_EXERCISE INSTRUCTIONS_
List every line below containing "bsub".

_RECORD EXTRACTS_

(* Let $\Gamma,\Delta$ be finitely generated groups with free continuous actions on compact metric spaces $Y$ and $X$ respectively, and let $f:Y\to X$ be a bijection (not necessarily continuous) inducing a quasi-isometry of warped cones, i.e. there are an index set $I$, maps $i\mapsto t_i$ and $i\mapsto\tau_i$ from $I$ onto $(0,\infty)$, and $C\ge1,A\ge0$ such that each $f:(t_iY,d_\Gamma)\to(\tau_iX,d_\Delta)$ is a $(C,A)$-quasi-isometry. Then there is a cocycle $\delta:\Gamma\times Y\to\Delta$ (i.e. $\delta(\gamma_2,\gamma_1y)\delta(\gamma_1,y)=\delta(\gamma_2\gamma_1,y)$) such that for each fixed $y$ the map $\gamma\mapsto\delta(\gamma,y)$ is a bijection $\Gamma\to\Delta$, and there are $C'\ge1$, $A'\ge0$ with $C'^{-1}|\gamma|-A'\le|\delta(\gamma,y)|\le C'|\gamma|+A'$ for all $\gamma,y$. In particular, $\Gamma$ and $\Delta$ are bijectively quasi-isometric.
   Context: $|\cdot|$ is word length with respect to fixed finite symmetric generating sets. For a compact metric space $(Y,d)$ with a $\Gamma$-action and $t>0$, $tY$ is $Y$ with metric $td$ and $d_\Gamma$ is the largest metric on $tY$ with $d_\Gamma\le td$ and $d_\Gamma(y,sy)\le1$ for generators $s$. A $(C,A)$-quasi-isometry $g:Z\to W$ satisfies $C^{-1}d(z,z')-A\le d(g(z),g(z'))\le Cd(z,z')+A$ and the $A$-neighbourhood of $g(Z)$ equals $W$. *)

theory Defs
  imports "HOL-Analysis.Analysis" "HOL-Algebra.Group_Action" "HOL-Algebra.Generated_Groups"
begin

definition fin_sym_gen_set :: "('g, 'b) monoid_scheme \<Rightarrow> 'g set \<Rightarrow> bool" where
  "fin_sym_gen_set G S \<longleftrightarrow> finite S \<and> S \<subseteq> carrier G \<and>
     (\<forall>s\<in>S. inv\<^bsub>G\<^esub> s \<in> S) \<and> generate G S = carrier G"

definition word_length :: "('g, 'b) monoid_scheme \<Rightarrow> 'g set \<Rightarrow> 'g \<Rightarrow> nat" where
  "word_length G S g =
     (LEAST n. \<exists>ws. set ws \<subseteq> S \<and> length ws = n \<and> foldr (\<otimes>\<^bsub>G\<^esub>) ws \<one>\<^bsub>G\<^esub> = g)"

definition is_metric :: "('a \<Rightarrow> 'a \<Rightarrow> real) \<Rightarrow> bool" where
  "is_metric \<rho> \<longleftrightarrow> (\<forall>a b. 0 \<le> \<rho> a b) \<and> (\<forall>a b. \<rho> a b = 0 \<longleftrightarrow> a = b) \<and>
     (\<forall>a b. \<rho> a b = \<rho> b a) \<and> (\<forall>a b c. \<rho> a c \<le> \<rho> a b + \<rho> b c)"

text \<open>Warped metric d_Gamma on tY: the largest metric with d_Gamma \<le> t d and
  d_Gamma(y, s y) \<le> 1 for all generators s (pointwise supremum of all such metrics).\<close>
definition warped_dist :: "'g set \<Rightarrow> ('g \<Rightarrow> 'y \<Rightarrow> 'y) \<Rightarrow> real \<Rightarrow> 'y::metric_space \<Rightarrow> 'y \<Rightarrow> real" where
  "warped_dist S \<phi> t y y' =
     Sup {\<rho> y y' | \<rho>. is_metric \<rho> \<and> (\<forall>a b. \<rho> a b \<le> t * dist a b) \<and>
                        (\<forall>s\<in>S. \<forall>a. \<rho> a (\<phi> s a) \<le> 1)}"

definition quasi_isometry ::
  "real \<Rightarrow> real \<Rightarrow> ('a \<Rightarrow> 'a \<Rightarrow> real) \<Rightarrow> ('b \<Rightarrow> 'b \<Rightarrow> real) \<Rightarrow> ('a \<Rightarrow> 'b) \<Rightarrow> bool" where
  "quasi_isometry C A dZ dW g \<longleftrightarrow>
     (\<forall>z z'. inverse C * dZ z z' - A \<le> dW (g z) (g z') \<and> dW (g z) (g z') \<le> C * dZ z z' + A) \<and>
     {w. \<exists>z. dW w (g z) \<le> A} = UNIV"

definition free_cont_action :: "('g, 'b) monoid_scheme \<Rightarrow> ('g \<Rightarrow> 'y::metric_space \<Rightarrow> 'y) \<Rightarrow> bool" where
  "free_cont_action G \<phi> \<longleftrightarrow> group_action G UNIV \<phi> \<and>
     (\<forall>g\<in>carrier G. continuous_on UNIV (\<phi> g)) \<and>
     (\<forall>g\<in>carrier G. \<forall>y. \<phi> g y = y \<longrightarrow> g = \<one>\<^bsub>G\<^esub>)"

end

(*
  At large scales the warped metric only sees the group action.  It dominates the path metric in
  which a jump along a generator costs 1 and a drift costs t times its length; a path of bounded
  cost at a large scale t has boundedly many jumps and drift O(1/t), so by compactness and uniform
  continuity of the generators two points at bounded warped distance for arbitrarily large t lie in
  one orbit, with a word of bounded length between them.  Since d_Gamma(y, gamma y) <= |gamma| at
  every scale, f maps Gamma-orbits into Delta-orbits with linear control of word lengths, and the
  same argument for the inverse of f gives the converse.  Freeness makes the element delta(gamma, y)
  with f(gamma y) = delta(gamma, y) f(y) unique, which gives the cocycle identity and bijectivity.
*)

theory Submission
  imports Defs
begin

section \<open>Words in finitely generated groups\<close>

locale fin_gen_group = group G for G :: "('g, 'b) monoid_scheme" (structure) +
  fixes S :: "'g set"
  assumes fin_sym_gen: "fin_sym_gen_set G S"
begin

lemma gens_carrier: "S \<subseteq> carrier G"
  and gens_inv: "s \<in> S \<Longrightarrow> inv s \<in> S"
  and generate_gens: "generate G S = carrier G"
  and finite_gens: "finite S"
  using fin_sym_gen unfolding fin_sym_gen_set_def by auto

abbreviation word_eval :: "'g list \<Rightarrow> 'g" where
  "word_eval ws \<equiv> foldr (\<otimes>) ws \<one>"

lemma word_eval_closed: "set ws \<subseteq> carrier G \<Longrightarrow> word_eval ws \<in> carrier G"
  by (induction ws) auto

lemma word_eval_append:
  "set xs \<subseteq> carrier G \<Longrightarrow> set ys \<subseteq> carrier G \<Longrightarrow> word_eval (xs @ ys) = word_eval xs \<otimes> word_eval ys"
  by (induction xs) (auto simp: m_assoc word_eval_closed)

lemma generate_imp_word: "g \<in> generate G S \<Longrightarrow> \<exists>ws. set ws \<subseteq> S \<and> word_eval ws = g"
proof (induction rule: generate.induct)
  case one
  show ?case by (intro exI[of _ "[]"]) simp
next
  case (incl h)
  then show ?case using gens_carrier by (intro exI[of _ "[h]"]) auto
next
  case (inv h)
  then show ?case using gens_carrier gens_inv by (intro exI[of _ "[inv h]"]) auto
next
  case (eng h1 h2)
  then obtain ws1 ws2 where "set ws1 \<subseteq> S" "word_eval ws1 = h1" "set ws2 \<subseteq> S" "word_eval ws2 = h2"
    by blast
  then show ?case
    using gens_carrier word_eval_append[of ws1 ws2] by (intro exI[of _ "ws1 @ ws2"]) auto
qed

lemma word_length_witness:
  assumes "g \<in> carrier G"
  shows "\<exists>ws. set ws \<subseteq> S \<and> length ws = word_length G S g \<and> word_eval ws = g"
proof -
  obtain ws where "set ws \<subseteq> S" "word_eval ws = g"
    using generate_imp_word generate_gens assms by blast
  then have "\<exists>n ws. set ws \<subseteq> S \<and> length ws = n \<and> word_eval ws = g" by blast
  then show ?thesis unfolding word_length_def by (rule LeastI_ex)
qed

lemma word_length_le: "set ws \<subseteq> S \<Longrightarrow> word_length G S (word_eval ws) \<le> length ws"
  unfolding word_length_def by (rule Least_le) auto

end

_RESULT OF THIS EXERCISE_
     (\<forall>s\<in>S. inv\<^bsub>G\<^esub> s \<in> S) \<and> generate G S = carrier G"
     (LEAST n. \<exists>ws. set ws \<subseteq> S \<and> length ws = n \<and> foldr (\<otimes>\<^bsub>G\<^esub>) ws \<one>\<^bsub>G\<^esub> = g)"
     (\<forall>g\<in>carrier G. \<forall>y. \<phi> g y = y \<longrightarrow> g = \<one>\<^bsub>G\<^esub>)"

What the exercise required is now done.